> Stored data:
lemma circlepath_integral_cnj_polynomial_mult:
  fixes g :: "complex \<Rightarrow> complex"
  assumes "g holomorphic_on ball 0 1" "0 < r" "r < 1"
  shows "((\<lambda>s. cnj (\<Sum>j<N. c j * circlepath 0 r s ^ j) * g (circlepath 0 r s)) has_integral
           (\<Sum>j<N. cnj (c j) * of_real r ^ (2*j) * taylor_coeff g j)) {0..1}"
proof -
  have "((\<lambda>s. \<Sum>j<N. cnj (c j) * (g (circlepath 0 r s) * cnj (circlepath 0 r s) ^ j)) has_integral
           (\<Sum>j<N. cnj (c j) * (of_real r ^ (2*j) * taylor_coeff g j))) {0..1}"
    by (intro has_integral_sum finite_lessThan has_integral_mult_right
          taylor_coeff_circlepath_integral assms)
  then show ?thesis
    by (simp add: sum_distrib_left mult_ac)
qed

lemma bessel_inequality_circlepath:
  fixes \<phi> :: "complex \<Rightarrow> complex"
  assumes hol: "\<phi> holomorphic_on ball 0 1" and bound: "\<And>z. z \<in> ball 0 1 \<Longrightarrow> norm (\<phi> z) \<le> M"
    and r: "0 < r" "r < 1"
  shows "(\<Sum>j<N. norm (taylor_coeff \<phi> j) ^ 2 * r ^ (2*j)) \<le> M\<^sup>2"
  \<comment> \<open>For the Taylor polynomial p of degree < N, both cnj p * \<phi> and |p|^2 integrate to
    the left-hand side S over the circle of radius r, and Re (cnj p * \<phi>) \<le> |p| M \<le>
    (|p|^2 + M^2) / 2, whence S \<le> (S + M^2) / 2.\<close>
proof -
  define c where "c = taylor_coeff \<phi>"
  define p where "p = (\<lambda>u. \<Sum>j<N. c j * u ^ j)"
  define \<gamma> where "\<gamma> = circlepath 0 r"
  define S where "S = (\<Sum>j<N. norm (c j) ^ 2 * r ^ (2*j))"
  have S_eq: "(\<Sum>j<N. cnj (c j) * of_real r ^ (2*j) * c' j) = of_real S"
    if "\<And>j. j < N \<Longrightarrow> c' j = c j" for c'
    unfolding S_def of_real_sum
    by (intro sum.cong refl) (simp add: that mult_ac flip: complex_norm_square)
  have "p holomorphic_on ball 0 1"
    unfolding p_def by (intro holomorphic_intros)
  from circlepath_integral_cnj_polynomial_mult[OF this r, where N = N and c = c]
  have "((\<lambda>s. cnj (p (\<gamma> s)) * p (\<gamma> s)) has_integral of_real S) {0..1}"
    using S_eq[of "\<lambda>j. if j < N then c j else 0"] by (simp add: p_def \<gamma>_def taylor_coeff_polynomial)
  from has_integral_Re[OF this] have I_sq: "((\<lambda>s. norm (p (\<gamma> s)) ^ 2) has_integral S) {0..1}"
    by (simp add: mult.commute[of "cnj _"] flip: complex_norm_square)
  from circlepath_integral_cnj_polynomial_mult[OF hol r, where N = N and c = c]
  have "((\<lambda>s. cnj (p (\<gamma> s)) * \<phi> (\<gamma> s)) has_integral of_real S) {0..1}"
    using S_eq[of c] by (simp add: p_def \<gamma>_def c_def)
  from has_integral_Re[OF this]
  have I_re: "((\<lambda>s. Re (cnj (p (\<gamma> s)) * \<phi> (\<gamma> s))) has_integral S) {0..1}"
    by simp
  have "((\<lambda>s. (norm (p (\<gamma> s)) ^ 2 + M\<^sup>2) / 2) has_integral (S + M\<^sup>2) / 2) {0..1}"
    using has_integral_divide[OF has_integral_add[OF I_sq has_integral_const_real[of "M\<^sup>2" 0 1]], of 2]
    by simp
  then have "S \<le> (S + M\<^sup>2) / 2"
  proof (rule has_integral_le[OF I_re])
    fix s :: real
    assume "s \<in> {0..1}"
    then have "\<gamma> s \<in> sphere 0 r"
      using r path_image_circlepath[of 0 r] by (auto simp: \<gamma>_def path_image_def)
    then have "norm (\<phi> (\<gamma> s)) \<le> M"
      using r by (intro bound) simp
    then have "Re (cnj (p (\<gamma> s)) * \<phi> (\<gamma> s)) \<le> norm (p (\<gamma> s)) * M"
      by (metis complex_Re_le_cmod complex_mod_cnj mult_left_mono norm_ge_zero norm_mult order_trans)
    also have "\<dots> \<le> (norm (p (\<gamma> s)) ^ 2 + M\<^sup>2) / 2"
      using sum_squares_ge_zero[of "norm (p (\<gamma> s)) - M" 0] by (simp add: power2_eq_square algebra_simps)
    finally show "Re (cnj (p (\<gamma> s)) * \<phi> (\<gamma> s)) \<le> (norm (p (\<gamma> s)) ^ 2 + M\<^sup>2) / 2" .
  qed
  then show ?thesis
    by (simp add: S_def c_def)
qed

lemma bessel_inequality_partial_sum:
  fixes \<phi> :: "complex \<Rightarrow> complex"
  assumes "\<phi> holomorphic_on ball 0 1" "\<And>z. z \<in> ball 0 1 \<Longrightarrow> norm (\<phi> z) \<le> M"
  shows "(\<Sum>j<N. norm (taylor_coeff \<phi> j) ^ 2) \<le> M\<^sup>2"
proof -
  define q where "q r = (\<Sum>j<N. norm (taylor_coeff \<phi> j) ^ 2 * r ^ (2*j))" for r :: real
  have "(q \<longlongrightarrow> q 1) (at_left 1)"
    unfolding q_def by (intro tendsto_intros)
  moreover have "eventually (\<lambda>r. r \<in> {0<..<1}) (at_left (1::real))"
    by (rule eventually_at_left_real) simp
  then have "eventually (\<lambda>r. q r \<le> M\<^sup>2) (at_left 1)"
    by eventually_elim (use bessel_inequality_circlepath[OF assms] in \<open>simp add: q_def\<close>)
  ultimately have "q 1 \<le> M\<^sup>2"
    by (intro tendsto_upperbound) (auto simp: trivial_limit_at_left_real)
  then show ?thesis
    by (simp add: q_def)
qed

lemma bessel_inequality:
  fixes \<phi> :: "complex \<Rightarrow> complex"
  assumes "\<phi> holomorphic_on ball 0 1" "\<And>z. z \<in> ball 0 1 \<Longrightarrow> norm (\<phi> z) \<le> M"
  shows "summable (\<lambda>j. norm (taylor_coeff \<phi> j) ^ 2)"
    and "(\<Sum>j. norm (taylor_coeff \<phi> j) ^ 2) \<le> M\<^sup>2"
proof -
  show summable: "summable (\<lambda>j. norm (taylor_coeff \<phi> j) ^ 2)"
    by (rule summableI_nonneg_bounded) (use bessel_inequality_partial_sum[OF assms] in auto)
  show "(\<Sum>j. norm (taylor_coeff \<phi> j) ^ 2) \<le> M\<^sup>2"
    by (rule suminf_le_const[OF summable]) (use bessel_inequality_partial_sum[OF assms] in auto)
qed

> TASK ITEM: Send back an exact copy of only the lines from the line with "define p where" up to and including the line with "from circlepath_integral_cnj_polynomial_mult[OF this" in the data above.

> TASK SOLUTION:
  define p where "p = (\<lambda>u. \<Sum>j<N. c j * u ^ j)"
  define \<gamma> where "\<gamma> = circlepath 0 r"
  define S where "S = (\<Sum>j<N. norm (c j) ^ 2 * r ^ (2*j))"
  have S_eq: "(\<Sum>j<N. cnj (c j) * of_real r ^ (2*j) * c' j) = of_real S"
    if "\<And>j. j < N \<Longrightarrow> c' j = c j" for c'
    unfolding S_def of_real_sum
    by (intro sum.cong refl) (simp add: that mult_ac flip: complex_norm_square)
  have "p holomorphic_on ball 0 1"
    unfolding p_def by (intro holomorphic_intros)
  from circlepath_integral_cnj_polynomial_mult[OF this r, where N = N and c = c]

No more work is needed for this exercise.